Woke up on Saturday with most of a game idea in my head.  It's not really a new game -it's more an attempt to create a novel variant of poker that fills the same niche but feels different enough that it's not immersion breaking when Larping.  With a rather odd deck.

Have spent a while doing probability on the different hands but my shonky maths rather fall apart - since I worked out one hand is 177% likely to happen.  Which I'm fairly sure is wrong....

Wrong title is "Empire Poker" - since that's the larp game it most likely to be played at.....

http://www.profounddecisions.co.uk/empire?1

Sunday, 15 April 2012

I have totally lost track of the numbering.....

And since I'm writing this on a train back from Bristol I've no easy way to check. So let's just talk about 'the latest version'. Which after sitting on the shelf for ages finally got a play test.

Interesting play test - the return of (weaker) big men was successful - adding a bit more tactics to play. However the game got broken - and broken badly.

I don't feel bad - that's what he does to games - commits to extreme plans to see what happens. The plan in this case being ignoring vps - and building an empire and bursting for vps at the end. And to my embarrassment it worked. We went from 'he's to far behind to ever win' to 'there is nothing we can do to stop him winning' in a single turn...

This is despite the fact that one change I introduced in this version was increasing costs to building stone heads in a single turn to encourage stone head building over the entire game. It was also the case that due to that players decision to lurk at the back he massively gained from the bonus renown - which was intended as a catch up mechanic but he was never really behind in ways that mattered.
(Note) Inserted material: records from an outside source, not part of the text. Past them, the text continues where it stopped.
(* Annihilating each vector of a finite spanning set of phi^n(V) shows that a finite potent
   phi is killed by a nonzero polynomial, which factors as X^s g with g(0) ~= 0. Bezout
   identities a X^m + b p = 1 for polynomials p with p(0) ~= 0 then give U_phi = ker phi^r and
   W_phi = im phi^r for r = i(phi), and an endomorphism commuting with phi^r preserves both. *)

lemma bezout_X_power:
  fixes p :: "'a::field poly"
  assumes "coeff p 0 \<noteq> 0"
  shows "\<exists>a b. a * [:0, 1:] ^ m + b * p = 1"
proof -
  obtain p0 p1 where p: "p = pCons p0 p1" by (cases p)
  with assms have p0: "p0 \<noteq> 0" by simp
  define c where "c = smult (- 1 / p0) p1"
  define d where "d = [:1 / p0:]"
  have cd: "c * [:0, 1:] + d * p = 1"
    using p0 by (simp add: c_def d_def p one_pCons)
  show ?thesis
  proof (induction m)
    case 0
    show ?case by (rule exI[of _ 1], rule exI[of _ 0]) simp
  next
    case (Suc m)
    then obtain a b where ab: "a * [:0, 1:] ^ m + b * p = 1" by blast
    have "1 = a * [:0, 1:] ^ m * (c * [:0, 1:] + d * p) + b * p"
      using ab cd by simp
    also have "\<dots> = (a * c) * [:0, 1:] ^ Suc m + (a * [:0, 1:] ^ m * d + b) * p"
      by (simp add: algebra_simps)
    finally have "(a * c) * [:0, 1:] ^ Suc m + (a * [:0, 1:] ^ m * d + b) * p = 1"
      by (rule sym)
    then show ?case by blast
  qed
qed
It's also clear that the RongoRongo cards which were intended as a method to reward attacking just don't work. There not strong enough - so they are always what you choose to discard.....

I have to be rather careful here because the actual strategy is fine - its just a matter of a) the ammount it worked and b) people lack of ability to do anything about it that really mattered.

After sleeping on this I might change the bonus renown so that a you steal renown for attacking some ody with more renown. Which will mean that no extra enters the economy - and you won't be able to gain to much from it because the situation will soon reverse as the attacker ends up with more. It's still a catch up becuase the person going last will benefit most - and that's generally the person with the least vps.....

Which moves us to RongoRongo cards -these need to be more powerful and I think they need to be able to steal vps off other players when used against some key with more vps then you have..... Here I need to be careful that gsh remain the central vp generating factor otherwise were back to games where people simply don't make stone heads. Which inna game about Easter island is a problem.